Collected data entries
-.-.-

(* Let $K=\mathbb{F}_2(t)$ and let $\omega$ be a place of $K$ with $\omega\notin\{t,t^{-1}\}$. Then for $\operatorname{Re}(s)>1$, \[\widehat{f_\omega H_\omega}(s;\mathbbm{1})=1+\frac12\left(\frac{1}{2^{(s-1)\deg\omega}}\left(1+\frac{1-2^{-\deg\omega}}{2^{(s-1)\deg\omega}-1}\right)-\frac{1}{2^{s\deg\omega-1}}\right),\] equivalently \[\widehat{f_\omega H_\omega}(s;\mathbbm{1})=1+\frac12\cdot\frac{1}{2^{(s-1)\deg\omega}}\left(1-\frac{1}{2^{\deg\omega-1}}+\frac{1-2^{-\deg\omega}}{2^{(s-1)\deg\omega}(1-2^{-(s-1)\deg\omega})}\right).\]
   Context: $K_\omega$ is the completion of $K$ at $\omega$, $\mathcal{O}_\omega$ its ring of integers, $\mathrm{d}y$ the Haar measure on $K_\omega$ with $\mathcal{O}_\omega$ of volume $1$, $|y|_\omega=2^{-\deg\omega\cdot v_\omega(y)}$, $H_\omega(y)=\max\{1,|y|_\omega\}$. $f_\omega:K_\omega\to\{0,1\}$ is $f_\omega(y)=1$ if the conic $x_0^2+x_0x_1+yx_1^2=tx_2^2$ has a $K_\omega$-point and $0$ otherwise. $\widehat{f_\omega H_\omega}(s;\mathbbm{1})=\int_{K_\omega}f_\omega(y)H_\omega(y)^{-s}\,\mathrm{d}y$. *)

theory Defs
  imports "HOL-Analysis.Analysis" "HOL-Library.Z2"
    "HOL-Computational_Algebra.Polynomial" "HOL-Computational_Algebra.Fraction_Field"
begin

-.-.-

**Problem details**
An exact copy of the data is needed.

**Output for this task**
(* Let $K=\mathbb{F}_2(t)$ and let $\omega$ be a place of $K$ with $\omega\notin\{t,t^{-1}\}$. Then for $\operatorname{Re}(s)>1$, \[\widehat{f_\omega H_\omega}(s;\mathbbm{1})=1+\frac12\left(\frac{1}{2^{(s-1)\deg\omega}}\left(1+\frac{1-2^{-\deg\omega}}{2^{(s-1)\deg\omega}-1}\right)-\frac{1}{2^{s\deg\omega-1}}\right),\] equivalently \[\widehat{f_\omega H_\omega}(s;\mathbbm{1})=1+\frac12\cdot\frac{1}{2^{(s-1)\deg\omega}}\left(1-\frac{1}{2^{\deg\omega-1}}+\frac{1-2^{-\deg\omega}}{2^{(s-1)\deg\omega}(1-2^{-(s-1)\deg\omega})}\right).\]
   Context: $K_\omega$ is the completion of $K$ at $\omega$, $\mathcal{O}_\omega$ its ring of integers, $\mathrm{d}y$ the Haar measure on $K_\omega$ with $\mathcal{O}_\omega$ of volume $1$, $|y|_\omega=2^{-\deg\omega\cdot v_\omega(y)}$, $H_\omega(y)=\max\{1,|y|_\omega\}$. $f_\omega:K_\omega\to\{0,1\}$ is $f_\omega(y)=1$ if the conic $x_0^2+x_0x_1+yx_1^2=tx_2^2$ has a $K_\omega$-point and $0$ otherwise. $\widehat{f_\omega H_\omega}(s;\mathbbm{1})=\int_{K_\omega}f_\omega(y)H_\omega(y)^{-s}\,\mathrm{d}y$. *)

theory Defs
  imports "HOL-Analysis.Analysis" "HOL-Library.Z2"
    "HOL-Computational_Algebra.Polynomial" "HOL-Computational_Algebra.Fraction_Field"
begin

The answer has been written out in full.